マイナビ出版より発行された、マイナビ文庫「トコノクボ くじけない心の描き方」。
これはもともと、榎本よしたかさんが自身の公式サイトで連載していたWEBマンガ。
イラストレーター・法廷画家としても仕事は多い榎本さんは、テレビ出演も多く、法廷画家としてのインタビューだけでなく、ロックマン4のボスキャラコンテストで入賞した記念品「ゴールドカセット」を携え、テレビ東京「何でも鑑定団」にも出演した事もある方。(私はむしろそちらで先に知っていたw)
そんな彼の、イラストレーター、夫、親になるまでの半生を綴った「ボクのこと」を描いた半生記。(「トコノクボ」という聞き慣れない単語は、その逆読みだ!)
現在も「トコノクボ」を独立させたブログで無料で本編を読むことが出来ますが、この一連の連載が電子書籍限定の本となり、さらにそれも好評だということで、リアルに文庫本として発売された……WEBコミック→コミックスという最近のWEBマンガの美しい着地点を得た作品でもあります。
もちろん文庫化にあたって加筆分も多く、ブログで既読の方にも損はさせない仕様です。
★榎本さん、リア充だぜ
何度か私自身も榎本さんと会い、酒も飲み、話をした仲ではありますが、会話やお見かけするFBへの投稿の端々からにじみ出る、リア充感。イラストレーターとして仕事(※)は多く、プライベートも充実している様子は、底辺マンガ原作者の私にとってはまぶし過ぎた……!(※らばQやゑのげのサイトイラストが榎本さんの仕事です。見たことありますよね?)
ですが「トコノクボ」を読めば、そんな榎本さんも、これまで順風満帆だったわけではなく、むしろ幼少期から底辺と言っていい家庭環境だったとわかります。そこから現在のリア充感や仕事の多さを手に入れるまで、何をして来たか……ということも。
★這い上がる為に必要な2つのポイントを実践
榎本さんの父は絵に描いたような酒乱で、失礼ながら正直家庭は劣悪だったと言っていいと思います。事実、父親は借金を遺して早くに亡くなり、その借金や要介護の祖母を抱えて、榎本さんは若くして家庭を支える身となります。一度は会社員になりましたが、イラストレーターの夢を諦めず、退社。しかしいきなりイラストレーターとして働き、一家の大黒柱を支えられるのか……
支えるんです! なんとしても営業して!
和歌山出身の榎本さんは、上京前、仕事の多い東京にわざわざ出向いて営業周りしてるんですよ。お金が無くとも、営業しなければ仕事がないわけで、そこはムリをしてでも、名刺やポートフォリオを持って何社もハシゴ営業する。その結果、やっと仕事を得ていた。

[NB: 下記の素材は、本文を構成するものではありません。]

lemma degree_eq_card_adj:
  assumes "finite_simple_graph G"
  shows "degree G u = card {w. adj G u w}"
proof -
  have "inj_on (\<lambda>w. {u, w}) {w. adj G u w}" by (rule inj_onI) (auto simp: doubleton_eq_iff)
  moreover have "(\<lambda>w. {u, w}) ` {w. adj G u w} = {e \<in> edges G. u \<in> e}"
  proof
    show "(\<lambda>w. {u, w}) ` {w. adj G u w} \<subseteq> {e \<in> edges G. u \<in> e}" unfolding adj_def by auto
    show "{e \<in> edges G. u \<in> e} \<subseteq> (\<lambda>w. {u, w}) ` {w. adj G u w}"
    proof
      fix e assume e: "e \<in> {e \<in> edges G. u \<in> e}"
      then obtain a b where "e = {a, b}" by (auto elim: finite_simple_graph_edgeE[OF assms])
      then have "e = {u, b} \<or> e = {u, a}" using e by auto
      then show "e \<in> (\<lambda>w. {u, w}) ` {w. adj G u w}" using e unfolding adj_def by auto
    qed
  qed
  ultimately show ?thesis unfolding degree_def by (metis card_image)
qed

lemma degree_complete_graph: "u < n \<Longrightarrow> degree (complete_graph n) u = n - 1"
proof -
  assume "u < n"
  have "{w. adj (complete_graph n) u w} = {..<n} - {u}"
    unfolding adj_def edge_complete_graph_iff using \<open>u < n\<close> by auto
  then show ?thesis using \<open>u < n\<close> by (simp add: degree_eq_card_adj[OF finite_simple_graph_complete_graph])
qed

lemma degree_direct_product_ge:
  assumes "finite_simple_graph G" "finite_simple_graph H"
  shows "degree G u * degree H v \<le> degree (direct_product G H) (u, v)"
proof -
  let ?P = "direct_product G H"
  have "inj_on (\<lambda>x. {(u, v), x}) ({w. adj G u w} \<times> {w. adj H v w})"
    by (rule inj_onI) (auto simp: doubleton_eq_iff)
  moreover have "(\<lambda>x. {(u, v), x}) ` ({w. adj G u w} \<times> {w. adj H v w}) \<subseteq> {e \<in> edges ?P. (u, v) \<in> e}"
    unfolding adj_def edges_direct_product_iff by blast
  moreover have "finite {e \<in> edges ?P. (u, v) \<in> e}"
    using finite_simple_graph_finite_edges[OF finite_simple_graph_direct_product[OF assms]] by simp
  ultimately show ?thesis
    using card_inj_on_le degree_eq_card_adj[OF assms(1)] degree_eq_card_adj[OF assms(2)]
    unfolding degree_def[of ?P] by (fastforce simp: card_cartesian_product)
qed

lemma max_degree_direct_product_complete_graph_ge:
  assumes "finite_simple_graph H" "verts H \<noteq> {}" "1 \<le> n"
  shows "(n - 1) * max_degree H \<le> max_degree (direct_product (complete_graph n) H)"
proof -
  obtain v where "v \<in> verts H" "degree H v = max_degree H" using max_degree_attained[OF assms(1,2)] .
  then have "(n - 1) * max_degree H \<le> degree (direct_product (complete_graph n) H) (0, v)"
    using degree_direct_product_ge[OF finite_simple_graph_complete_graph[of n] assms(1), where u = 0 and v = v] assms(3)
    by (simp add: degree_complete_graph)
  also have "\<dots> \<le> max_degree (direct_product (complete_graph n) H)"
    by (rule degree_le_max_degree[OF finite_simple_graph_direct_product[OF finite_simple_graph_complete_graph assms(1)]])
  finally show ?thesis .
qed

definition cyclic_offset :: "nat \<Rightarrow> nat \<Rightarrow> nat \<Rightarrow> nat" where
  "cyclic_offset n u w = (w + n - u) mod n"

lemma cyclic_offset_bounds:
  assumes "u < n" "w < n" "u \<noteq> w"
  shows "0 < cyclic_offset n u w" "cyclic_offset n u w < n"
proof -
  show "cyclic_offset n u w < n" using assms unfolding cyclic_offset_def by simp
  have "\<not> [w + (n - u) = u + (n - u)] (mod n)"
    using assms cong_add_rcancel_nat cong_less_modulus_unique_nat by blast
  then show "0 < cyclic_offset n u w" using assms unfolding cyclic_offset_def cong_def by simp
qed

lemma cyclic_offset_inj:
  assumes "u1 < n" "w1 < n" "u2 < n" "w2 < n" "u1 = u2 \<or> w1 = w2"
    and "cyclic_offset n u1 w1 = cyclic_offset n u2 w2"
  shows "u1 = u2 \<and> w1 = w2"
proof -
  have "[w1 + n - u1 = w2 + n - u2] (mod n)" using assms(6) unfolding cyclic_offset_def cong_def .
  then have "[(w1 + n - u1) + (u1 + u2) = (w2 + n - u2) + (u1 + u2)] (mod n)" by (rule cong_add) simp
  then have "[(w1 + n) + u2 = (w2 + n) + u1] (mod n)" using assms(1,3) by (simp add: ac_simps)
  then have "[w1 + u2 = w2 + u1] (mod n)" by (simp add: cong_def ac_simps)
  then show ?thesis
    using assms(1-5) cong_add_lcancel_nat cong_add_rcancel_nat cong_less_modulus_unique_nat by metis
qed

lemma mult_add_eq_mult_add_cancel:
  fixes k1 k2 m d1 d2 :: nat
  assumes "k1 * m + d1 = k2 * m + d2" "0 < d1" "d1 \<le> m" "0 < d2" "d2 \<le> m"
  shows "k1 = k2 \<and> d1 = d2"
proof -
  have quotient: "(r + k * m) div m = k" if "r < m" for k r using that by simp
  have "d1 - 1 + k1 * m = d2 - 1 + k2 * m" "d1 - 1 < m" "d2 - 1 < m" using assms by simp_all
  then have "k1 = k2" using quotient by metis
  then show ?thesis using assms(1) by simp
qed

しかしさらに榎本さんは、父の借金に加え別の身内の借金を抱えてしまう……!
金がなければ更に働いて稼げばいいんです!
「大量に受注し、大量に制作する!」
「イラストのクオリティを上げる鍛錬などは日常的にしていて『当たり前』」
スピードアップのために「無駄は無いか? 動線は最短か?」「机や棚のレイアウトはベストか?」
……「営業」と「スピード(効率)」。
榎本さんがイラストレーターという職業で稼ぐために狙ったポイントはこの2つ。
冒頭私は常日頃言いたいけど言えなかった事があると書きました。まさにこれです。「営業」と「スピード(効率)」。
「努力」? 「鍛錬」? そんなのはしてて当たり前。榎本さんは本編の余談として、サラッと「油絵を学び、絵画教室の講師をし」たとも書いています。なんてこった、強過ぎるこの人。
★クリエイターはもっと営業していい
SNS――Twitterやpixivなど、または公式サイトでよく見かけるとある文言が私、いつも「何だかな〜」と疑問だったんですよね。例えば、こう。
誰かを晒しあげると角が立つので、自分のTwitterアカウントでわかりやすく解説すると、これ。
「お仕事ください」? 「募集中」?
アホか、誰が仕事なんかくれるもんか。仕事なんつうもんは自分でもぎ取るもんなんだよ。
営業しろ営業。持ち込みしろ出版社に。自分がどんな事出来るか直接アピールしろ。じゃなかったら知らねえクリエイターにいきなり大事な仕事、任すわけねえだろ。
★スピードと量産が“商業”
アマチュアで、趣味の範囲なら勝手にのっそりやってていいですよ。締め切りもないですしね。私は以前ネットラジオに出演、「クリエイターに必要な事」として「納期を守る事」とお話しました。
最近、新人のマンガ家さんと話す機会もあります。新作を作るのあたって、担当編集さんと生きのいい新人はいないか? と相談したりします。
ですが、そこで聞かれる言葉は「あまりページ数描こうとしない作家さんばかりで……」という愚痴。曰く、自分で全て描きたいから、クオリティを保ちたいから、増産したくないから、いい返事だとしても「ショート枠なら……」と言われるそうですよ。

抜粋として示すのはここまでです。